**WHAT YOU NEED TO DO:** Pull every line containing "union" from the data.
====== TASK DATA ======
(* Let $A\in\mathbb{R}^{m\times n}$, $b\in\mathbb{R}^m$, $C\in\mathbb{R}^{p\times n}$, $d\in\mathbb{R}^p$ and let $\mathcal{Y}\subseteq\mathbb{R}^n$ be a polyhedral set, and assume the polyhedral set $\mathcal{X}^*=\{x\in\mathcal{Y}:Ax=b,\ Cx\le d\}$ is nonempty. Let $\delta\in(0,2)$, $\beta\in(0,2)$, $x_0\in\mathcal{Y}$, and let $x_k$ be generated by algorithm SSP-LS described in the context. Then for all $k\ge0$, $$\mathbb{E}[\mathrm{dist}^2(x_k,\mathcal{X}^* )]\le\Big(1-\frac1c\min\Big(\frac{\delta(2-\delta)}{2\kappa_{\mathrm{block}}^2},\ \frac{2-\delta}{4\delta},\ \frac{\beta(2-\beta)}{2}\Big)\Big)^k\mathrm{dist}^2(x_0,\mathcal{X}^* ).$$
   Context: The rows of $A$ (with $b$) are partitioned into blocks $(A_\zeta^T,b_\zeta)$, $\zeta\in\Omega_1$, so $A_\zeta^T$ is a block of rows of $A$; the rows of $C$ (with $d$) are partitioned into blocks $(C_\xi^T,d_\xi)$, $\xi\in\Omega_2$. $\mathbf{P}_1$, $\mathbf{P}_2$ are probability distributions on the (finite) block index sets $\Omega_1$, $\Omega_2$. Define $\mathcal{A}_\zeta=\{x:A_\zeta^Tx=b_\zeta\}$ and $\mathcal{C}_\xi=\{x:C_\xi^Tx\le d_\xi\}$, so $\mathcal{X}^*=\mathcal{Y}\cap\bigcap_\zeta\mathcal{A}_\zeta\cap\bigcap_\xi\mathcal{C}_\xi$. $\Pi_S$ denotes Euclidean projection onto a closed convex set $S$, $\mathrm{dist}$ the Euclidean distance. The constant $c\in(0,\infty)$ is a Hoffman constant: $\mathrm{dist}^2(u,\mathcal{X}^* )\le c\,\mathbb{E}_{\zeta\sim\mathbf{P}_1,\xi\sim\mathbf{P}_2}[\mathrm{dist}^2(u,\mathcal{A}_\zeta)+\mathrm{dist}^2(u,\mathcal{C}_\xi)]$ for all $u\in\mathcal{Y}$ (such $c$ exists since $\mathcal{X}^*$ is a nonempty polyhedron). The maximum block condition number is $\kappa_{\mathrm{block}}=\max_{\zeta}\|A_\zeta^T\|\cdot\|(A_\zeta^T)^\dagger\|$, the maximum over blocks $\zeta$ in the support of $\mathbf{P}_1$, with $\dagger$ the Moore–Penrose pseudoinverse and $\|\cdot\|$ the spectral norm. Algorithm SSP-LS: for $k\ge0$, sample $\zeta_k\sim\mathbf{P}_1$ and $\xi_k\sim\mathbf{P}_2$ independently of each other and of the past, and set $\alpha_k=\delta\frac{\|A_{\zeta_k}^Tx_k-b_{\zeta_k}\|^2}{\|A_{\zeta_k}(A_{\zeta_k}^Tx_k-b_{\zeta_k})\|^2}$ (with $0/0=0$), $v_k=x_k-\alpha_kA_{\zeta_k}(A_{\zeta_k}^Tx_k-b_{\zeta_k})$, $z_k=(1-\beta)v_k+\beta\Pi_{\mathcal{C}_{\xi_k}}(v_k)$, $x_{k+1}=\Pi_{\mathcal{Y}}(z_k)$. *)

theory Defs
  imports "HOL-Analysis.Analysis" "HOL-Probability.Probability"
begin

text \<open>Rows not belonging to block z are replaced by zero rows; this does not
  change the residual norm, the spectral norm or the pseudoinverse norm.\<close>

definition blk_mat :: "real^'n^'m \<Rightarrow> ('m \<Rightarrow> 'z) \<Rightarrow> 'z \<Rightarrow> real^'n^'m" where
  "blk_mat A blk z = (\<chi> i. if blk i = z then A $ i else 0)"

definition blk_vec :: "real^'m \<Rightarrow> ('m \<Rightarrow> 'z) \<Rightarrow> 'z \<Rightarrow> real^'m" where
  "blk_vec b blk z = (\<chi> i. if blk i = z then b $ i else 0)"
======
====== TASK DATA ======
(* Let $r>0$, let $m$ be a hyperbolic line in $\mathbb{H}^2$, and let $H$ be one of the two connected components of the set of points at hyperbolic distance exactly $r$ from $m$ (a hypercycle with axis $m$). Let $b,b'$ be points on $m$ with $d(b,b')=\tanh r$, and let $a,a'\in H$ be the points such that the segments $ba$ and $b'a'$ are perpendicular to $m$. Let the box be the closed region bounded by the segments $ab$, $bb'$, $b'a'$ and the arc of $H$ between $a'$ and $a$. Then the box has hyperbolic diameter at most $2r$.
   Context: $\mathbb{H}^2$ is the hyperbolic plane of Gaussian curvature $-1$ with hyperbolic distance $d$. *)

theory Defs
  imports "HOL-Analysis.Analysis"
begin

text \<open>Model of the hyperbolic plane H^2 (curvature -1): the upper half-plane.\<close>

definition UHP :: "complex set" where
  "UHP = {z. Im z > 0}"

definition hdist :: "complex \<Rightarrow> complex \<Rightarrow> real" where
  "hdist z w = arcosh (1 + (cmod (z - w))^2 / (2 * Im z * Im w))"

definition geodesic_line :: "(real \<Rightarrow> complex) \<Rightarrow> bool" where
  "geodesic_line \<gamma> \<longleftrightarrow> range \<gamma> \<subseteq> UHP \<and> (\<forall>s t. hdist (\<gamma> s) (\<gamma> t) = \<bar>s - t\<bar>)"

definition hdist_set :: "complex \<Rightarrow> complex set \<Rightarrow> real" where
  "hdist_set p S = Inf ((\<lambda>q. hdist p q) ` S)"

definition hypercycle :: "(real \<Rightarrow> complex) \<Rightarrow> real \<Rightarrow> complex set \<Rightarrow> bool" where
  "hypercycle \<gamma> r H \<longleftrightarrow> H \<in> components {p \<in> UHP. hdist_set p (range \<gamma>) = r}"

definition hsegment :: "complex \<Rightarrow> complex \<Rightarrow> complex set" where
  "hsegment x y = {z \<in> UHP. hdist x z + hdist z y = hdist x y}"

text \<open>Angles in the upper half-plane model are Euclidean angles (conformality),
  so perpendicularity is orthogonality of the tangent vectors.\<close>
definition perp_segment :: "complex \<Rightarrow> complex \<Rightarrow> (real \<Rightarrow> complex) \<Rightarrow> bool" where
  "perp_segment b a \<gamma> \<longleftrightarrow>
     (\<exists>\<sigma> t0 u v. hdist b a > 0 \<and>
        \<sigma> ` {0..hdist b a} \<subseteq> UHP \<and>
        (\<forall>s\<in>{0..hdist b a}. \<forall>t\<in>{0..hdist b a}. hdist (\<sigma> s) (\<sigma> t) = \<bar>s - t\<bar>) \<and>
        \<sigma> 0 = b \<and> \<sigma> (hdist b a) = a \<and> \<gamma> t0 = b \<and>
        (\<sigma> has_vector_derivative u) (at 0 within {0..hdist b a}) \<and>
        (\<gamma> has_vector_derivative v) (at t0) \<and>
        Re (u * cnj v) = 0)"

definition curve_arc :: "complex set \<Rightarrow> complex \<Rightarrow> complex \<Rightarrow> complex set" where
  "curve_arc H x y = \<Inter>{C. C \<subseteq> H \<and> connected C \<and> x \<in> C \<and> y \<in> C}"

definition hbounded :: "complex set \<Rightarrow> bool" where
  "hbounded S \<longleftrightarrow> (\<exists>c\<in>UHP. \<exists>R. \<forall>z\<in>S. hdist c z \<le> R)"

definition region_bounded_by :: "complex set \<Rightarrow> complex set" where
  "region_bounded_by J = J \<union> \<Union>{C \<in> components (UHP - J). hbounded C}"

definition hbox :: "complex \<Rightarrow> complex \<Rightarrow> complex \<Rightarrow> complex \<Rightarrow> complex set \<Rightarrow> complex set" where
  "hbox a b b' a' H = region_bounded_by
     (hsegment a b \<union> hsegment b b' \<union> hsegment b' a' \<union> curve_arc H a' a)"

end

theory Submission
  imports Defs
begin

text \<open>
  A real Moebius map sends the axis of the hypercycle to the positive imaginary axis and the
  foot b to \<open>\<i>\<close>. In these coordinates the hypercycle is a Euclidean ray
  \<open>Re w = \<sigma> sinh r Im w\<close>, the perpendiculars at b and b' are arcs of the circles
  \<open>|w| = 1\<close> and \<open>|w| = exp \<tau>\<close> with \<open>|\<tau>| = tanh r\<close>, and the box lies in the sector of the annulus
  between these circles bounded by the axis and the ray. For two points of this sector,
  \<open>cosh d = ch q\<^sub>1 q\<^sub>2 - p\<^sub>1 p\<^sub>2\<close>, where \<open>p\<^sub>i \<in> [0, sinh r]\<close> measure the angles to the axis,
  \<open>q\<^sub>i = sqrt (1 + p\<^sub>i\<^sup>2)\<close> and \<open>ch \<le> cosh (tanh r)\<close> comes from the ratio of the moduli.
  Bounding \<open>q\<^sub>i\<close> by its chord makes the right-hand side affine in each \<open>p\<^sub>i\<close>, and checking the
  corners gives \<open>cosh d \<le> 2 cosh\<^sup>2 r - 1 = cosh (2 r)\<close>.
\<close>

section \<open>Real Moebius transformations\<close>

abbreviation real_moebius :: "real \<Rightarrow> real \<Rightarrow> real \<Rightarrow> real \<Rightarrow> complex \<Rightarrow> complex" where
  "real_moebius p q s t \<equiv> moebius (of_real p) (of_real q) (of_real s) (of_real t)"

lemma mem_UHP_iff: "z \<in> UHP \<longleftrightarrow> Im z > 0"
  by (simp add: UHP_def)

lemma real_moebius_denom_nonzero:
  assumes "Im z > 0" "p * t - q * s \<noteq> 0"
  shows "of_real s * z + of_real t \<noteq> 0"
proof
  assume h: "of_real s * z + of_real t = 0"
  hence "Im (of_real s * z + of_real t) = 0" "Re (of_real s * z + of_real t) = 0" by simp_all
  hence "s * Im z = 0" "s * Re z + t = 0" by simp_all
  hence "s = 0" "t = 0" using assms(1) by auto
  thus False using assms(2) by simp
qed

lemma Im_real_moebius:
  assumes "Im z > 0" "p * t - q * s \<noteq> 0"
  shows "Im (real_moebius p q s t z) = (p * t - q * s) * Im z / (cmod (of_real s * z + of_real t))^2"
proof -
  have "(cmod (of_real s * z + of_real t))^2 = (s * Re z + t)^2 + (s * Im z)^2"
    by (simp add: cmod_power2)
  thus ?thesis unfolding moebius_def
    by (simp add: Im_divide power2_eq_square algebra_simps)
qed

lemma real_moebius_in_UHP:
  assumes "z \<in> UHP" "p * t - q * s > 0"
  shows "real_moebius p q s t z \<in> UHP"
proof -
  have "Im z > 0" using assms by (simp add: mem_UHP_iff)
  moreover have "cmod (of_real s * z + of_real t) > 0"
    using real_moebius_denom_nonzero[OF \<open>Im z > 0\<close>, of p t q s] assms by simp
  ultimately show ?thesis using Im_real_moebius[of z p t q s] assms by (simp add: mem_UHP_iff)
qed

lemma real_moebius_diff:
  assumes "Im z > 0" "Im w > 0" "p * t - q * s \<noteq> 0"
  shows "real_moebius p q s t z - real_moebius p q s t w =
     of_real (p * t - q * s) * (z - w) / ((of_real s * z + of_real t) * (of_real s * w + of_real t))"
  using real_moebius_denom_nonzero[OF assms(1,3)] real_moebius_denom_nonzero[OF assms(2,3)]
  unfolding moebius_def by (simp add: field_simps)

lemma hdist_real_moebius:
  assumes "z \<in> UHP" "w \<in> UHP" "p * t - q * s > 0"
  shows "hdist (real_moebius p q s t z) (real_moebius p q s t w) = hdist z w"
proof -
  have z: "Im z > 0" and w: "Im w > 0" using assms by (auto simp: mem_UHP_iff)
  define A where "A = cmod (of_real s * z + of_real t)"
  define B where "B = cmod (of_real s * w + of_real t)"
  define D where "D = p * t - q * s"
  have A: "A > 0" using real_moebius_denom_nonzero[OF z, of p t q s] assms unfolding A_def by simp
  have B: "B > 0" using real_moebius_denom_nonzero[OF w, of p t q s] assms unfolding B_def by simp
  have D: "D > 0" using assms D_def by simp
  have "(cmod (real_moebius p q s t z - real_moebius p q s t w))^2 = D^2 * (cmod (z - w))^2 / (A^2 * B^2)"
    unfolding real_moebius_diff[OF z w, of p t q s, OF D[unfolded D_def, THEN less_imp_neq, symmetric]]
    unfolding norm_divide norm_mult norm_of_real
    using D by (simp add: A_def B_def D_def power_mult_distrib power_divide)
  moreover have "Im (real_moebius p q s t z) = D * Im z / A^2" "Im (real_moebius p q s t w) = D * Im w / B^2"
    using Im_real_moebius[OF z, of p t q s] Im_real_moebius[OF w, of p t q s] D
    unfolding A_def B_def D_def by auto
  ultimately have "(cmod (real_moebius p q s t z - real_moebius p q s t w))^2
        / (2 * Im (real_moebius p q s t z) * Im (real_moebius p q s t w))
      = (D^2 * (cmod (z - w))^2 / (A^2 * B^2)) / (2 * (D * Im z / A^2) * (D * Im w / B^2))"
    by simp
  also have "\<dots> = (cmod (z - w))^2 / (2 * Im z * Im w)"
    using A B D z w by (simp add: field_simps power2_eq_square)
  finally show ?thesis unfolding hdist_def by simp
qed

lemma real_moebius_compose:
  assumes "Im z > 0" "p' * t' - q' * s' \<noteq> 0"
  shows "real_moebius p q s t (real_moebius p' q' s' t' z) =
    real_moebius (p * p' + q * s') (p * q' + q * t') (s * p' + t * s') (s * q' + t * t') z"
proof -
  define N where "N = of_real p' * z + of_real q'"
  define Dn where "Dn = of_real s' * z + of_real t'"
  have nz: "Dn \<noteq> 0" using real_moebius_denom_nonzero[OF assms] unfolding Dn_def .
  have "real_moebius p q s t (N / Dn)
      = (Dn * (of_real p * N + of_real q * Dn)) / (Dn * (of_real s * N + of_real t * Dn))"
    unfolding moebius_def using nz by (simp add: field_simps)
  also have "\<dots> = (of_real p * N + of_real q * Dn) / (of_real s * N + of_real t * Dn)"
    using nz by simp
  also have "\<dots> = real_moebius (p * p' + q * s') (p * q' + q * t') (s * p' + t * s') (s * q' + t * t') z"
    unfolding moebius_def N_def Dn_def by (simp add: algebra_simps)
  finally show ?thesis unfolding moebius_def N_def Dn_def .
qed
======
**OUTPUT OF THE EXERCISE:**
  "region_bounded_by J = J \<union> \<Union>{C \<in> components (UHP - J). hbounded C}"
     (hsegment a b \<union> hsegment b b' \<union> hsegment b' a' \<union> curve_arc H a' a)"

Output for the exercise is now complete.